Hi, I signed an account just to share this information to all of you working with kontakt 4 (will of course work with older versions)
and have switched to ssd drives. I´ve been a constant visitor to the forum for a couple of years but have had no need to sign an account before. 

The lowest preload buffer size in kontakt 4 is 6kb, when i started up my new ssd drive a couple of days ago, an ozc solid 3 120gb, i thought ok, lets try it out with the lowest preload settings. 

Im currently doing a score for a couple of disney shorts so i´m working with a pretty vast amount of kontakt instances and other vst´s spread across a 5 comp fxt setup. 

Im still on 32bit/xp because I find it hard to find the time to switch to 64/7, and cant risk my current working setup to NOT work with a new system.

To my greatest expectations i was able to load 6 full kontakt instances locally running lass + all my other stuff. The memory impact compared to 60kb preload made a huge different ( very much unloadable by a few gb´s) and i was able to work with my entire project without any glitches with the soundcard set to a 256 samplerate. 

The disk indicator hardly moved so I thought, there must be a way to decrease the preload buffer manually, and there is. 

HKEY_users-->S-1-5-21-->Software-->native instruments-->kontakt 4-->

Change the value of "overrideInstPreloadSize" for example to 900, that gives you 
approximately 2.5kb in preload buffer. 

My project was still running smooth, and the disk indicator started to move a little bit more. The impact on the memory going from 6kb to 2.5kb really makes a big difference and the amazing thing is that disk is able to deal with it.

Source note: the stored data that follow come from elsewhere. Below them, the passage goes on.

lemma star_graph_in_orbit:
  assumes "\<And>i. i \<in> {1..k} \<Longrightarrow> 0 < n i" "r \<in> {1..k}"
    and "j \<in> {1..k}" "f \<in> Pi ({1..k} - {j}) leaf_states"
  shows "star_graph j f \<in> orbit r"
proof -
  define c where "c = (\<lambda>l. if l = j then 0 else center (f l))"
  have c: "c \<in> Pi (stars_after_center j f) (\<lambda>i. {..<n i})"
    unfolding c_def using star_centers_in_Pi[OF assms(4)] assms(1,3) by blast
  have "local_comp (complete_graph (stars_after_center j f) c) (j, 0) =
          star_graph j (\<lambda>l. if l \<in> stars_after_center j f then Star (c l) else Clique)"
    using assms(1,3) stars_after_center_in_odd_subsets[OF assms(3)]
    by (intro local_comp_complete_graph) (auto simp: complete_states_def c_def)
  also have "\<dots> = star_graph j f"
  proof (rule star_graph_cong)
    fix l assume "l \<in> {1..k} - {j}"
    then show "(if l \<in> stars_after_center j f then Star (c l) else Clique) = f l"
      using Pi_mem[OF assms(4), of l]
      by (auto simp: stars_after_center_def star_leaves_def c_def leaf_states_def)
  qed
  finally show ?thesis
    using lc_orbit.step[OF complete_graph_in_orbit[OF assms(1,2)
          stars_after_center_in_odd_subsets c]] assms(1,3) unfolding cs_vertices_def by fastforce
qed

lemma lc_orbit_clique_star_eq:
  assumes "\<And>i. i \<in> {1..k} \<Longrightarrow> 0 < n i" "r \<in> {1..k}"
  shows "orbit r = star_graphs \<union> complete_graphs"
proof
  show "orbit r \<subseteq> star_graphs \<union> complete_graphs"
  proof
    fix F assume "F \<in> orbit r"
    then show "F \<in> star_graphs \<union> complete_graphs"
    proof (induction rule: lc_orbit.induct)
      case refl
      have "(\<lambda>_. Clique) \<in> Pi ({1..k} - {r}) leaf_states"
        unfolding leaf_states_def by simp
      then show ?case
        using assms(2) unfolding clique_star_eq_star_graph star_graphs_def by blast
    next
      case (step F v)
      then show ?case by (intro local_comp_graph_families_closed)
    qed
  qed
  show "star_graphs \<union> complete_graphs \<subseteq> orbit r"
    unfolding star_graphs_def complete_graphs_def
    using star_graph_in_orbit[OF assms] complete_graph_in_orbit[OF assms] by blast
qed

lemma star_states_in_block_states:
  "f \<in> Pi ({1..k} - {j}) leaf_states \<Longrightarrow> star_states j f \<in> Pi {1..k} (\<lambda>i. block_states (n i))"
  by (auto simp: star_states_def leaf_states_def block_states_def Pi_iff)

lemma complete_states_in_block_states:
  "c \<in> Pi I (\<lambda>i. {..<n i}) \<Longrightarrow> complete_states I c \<in> Pi {1..k} (\<lambda>i. block_states (n i))"
  by (auto simp: complete_states_def block_states_def Pi_iff)

lemma star_graph_eqD:
  assumes "3 \<le> k" "\<And>i. i \<in> {1..k} \<Longrightarrow> 2 \<le> n i"
    and "j \<in> {1..k}" "f \<in> Pi ({1..k} - {j}) leaf_states"
    and "j' \<in> {1..k}" "f' \<in> Pi ({1..k} - {j'}) leaf_states"
    and "star_graph j f = star_graph j' f'"
  shows "j = j'" and "\<And>l. l \<in> {1..k} - {j} \<Longrightarrow> f l = f' l"
proof -
  have eqD: "(l = j \<or> m = j) = (l = j' \<or> m = j')"
    "l = j \<or> m = j \<Longrightarrow> star_states j f l = star_states j' f' l"
    if "l \<in> {1..k}" "m \<in> {1..k}" "l \<noteq> m" for l m
    using block_graph_eqD[OF assms(7)[unfolded star_graph_def] symp_star_quotient
        symp_star_quotient assms(2) star_states_in_block_states[OF assms(4)]
        star_states_in_block_states[OF assms(6)] that]
    by blast+
  show "j = j'"
  proof (rule ccontr)
    assume "j \<noteq> j'"
    obtain m where "m \<in> {1..k}" "m \<noteq> j" "m \<noteq> j'"
      using ex_index_avoiding[OF assms(1)] by blast
    then show False
      using eqD(1)[OF assms(3) \<open>m \<in> {1..k}\<close>] \<open>j \<noteq> j'\<close> by auto
  qed
  show "f l = f' l" if "l \<in> {1..k} - {j}" for l
    using eqD(2)[of l j] that assms(3) \<open>j = j'\<close> by (auto simp: star_states_def)
qed

lemma star_graph_neq_complete_graph:
  assumes "3 \<le> k" "\<And>i. i \<in> {1..k} \<Longrightarrow> 2 \<le> n i"
    and "f \<in> Pi ({1..k} - {j}) leaf_states" "c \<in> Pi I (\<lambda>i. {..<n i})"
  shows "star_graph j f \<noteq> complete_graph I c"
proof
  assume eq: "star_graph j f = complete_graph I c"
  obtain l where l: "l \<in> {1..k}" "l \<noteq> j"
    using ex_index_avoiding[OF assms(1)] by blast
  obtain m where m: "m \<in> {1..k}" "m \<noteq> j" "m \<noteq> l"
    using ex_index_avoiding[OF assms(1)] by blast
  show False
    using block_graph_eqD(1)[OF eq[unfolded star_graph_def complete_graph_def]
        symp_star_quotient symp_complete_quotient assms(2) star_states_in_block_states[OF assms(3)]
        complete_states_in_block_states[OF assms(4)] l(1) m(1)] l m
    by auto
qed

lemma complete_graph_eqD:
  assumes "3 \<le> k" "\<And>i. i \<in> {1..k} \<Longrightarrow> 2 \<le> n i"
    and "I \<subseteq> {1..k}" "c \<in> Pi I (\<lambda>i. {..<n i})" "I' \<subseteq> {1..k}" "c' \<in> Pi I' (\<lambda>i. {..<n i})"
    and "complete_graph I c = complete_graph I' c'"
  shows "I = I'" and "\<And>i. i \<in> I \<Longrightarrow> c i = c' i"
proof -
  have states: "complete_states I c l = complete_states I' c' l" if "l \<in> {1..k}" for l
  proof -
    obtain m where "m \<in> {1..k}" "m \<noteq> l"
      using ex_index_avoiding[OF assms(1)] by blast
    then show ?thesis
      using block_graph_eqD(2)[OF assms(7)[unfolded complete_graph_def]
          symp_complete_quotient symp_complete_quotient assms(2)
          complete_states_in_block_states[OF assms(4)] complete_states_in_block_states[OF assms(6)]
          that]
      by auto
  qed
  have "l \<in> I \<longleftrightarrow> l \<in> I'" if "l \<in> {1..k}" for l
    using states[OF that] unfolding complete_states_def by (auto split: if_splits)
  then show "I = I'"
    using assms(3,5) by blast
  then show "c i = c' i" if "i \<in> I" for i
    using states[of i] that assms(3) unfolding complete_states_def by auto
qed

definition star_params :: "(nat \<times> (nat \<Rightarrow> block)) set" where
  "star_params = (SIGMA j:{1..k}. PiE ({1..k} - {j}) leaf_states)"

definition complete_params :: "(nat set \<times> (nat \<Rightarrow> nat)) set" where
  "complete_params = (SIGMA I:odd_subsets. PiE I (\<lambda>i. {..<n i}))"

lemma finite_odd_subsets: "finite odd_subsets"
  unfolding odd_subsets_def by (rule finite_subset[of _ "Pow {1..k}"]) auto

lemma finite_odd_subset: "I \<in> odd_subsets \<Longrightarrow> finite I"
  unfolding odd_subsets_def by (auto intro: finite_subset)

My ssd drive currently only works at half the speed because my one only 16x pci-e port is occupied by my gpu. I don´t know how low I am able to go with the preload buffer size, probably at least to 1kb, with another motherboard and running the disk at 500Mb/s read/write instead of 200 something we are talking decimals in preload buffer size and still running a stable smooth real-time system.

Working with a fxt 64/bit system with say 5 comp 24 gig ram each, I cannot even see that there is limit to what you are able to fit. 

Old 7200 And 10 000 rpm drives can hardly handle 60kb with the more advanced libraries. 

In and instant I went from 64bit anxiety to a flawless 32bit invironment working with kontakt 4, locally with a 2.5 preload buffer. 

In my work this revolutionize everything, no more careful planing not to kill your hard-drive performance headroom. It really doesn't matter of you are on a 64bit system when the hard-drive is the true bottleneck villain.


I hope this little reghack will help somebody else the way it helped me! But first
you need to get yourself a ssd drive, preferable a 6gb/s one.


----------



## diggler (Jul 31, 2011)

32 bit works great for me to I like to use Jbridge to maximise my available ram gives me another gig to use. SSD is so expensive but worth every penny when it comes to speed.


----------



## johnhamilton (Jul 31, 2011)

Beautiful Carlinus, Thanks for sharing!


----------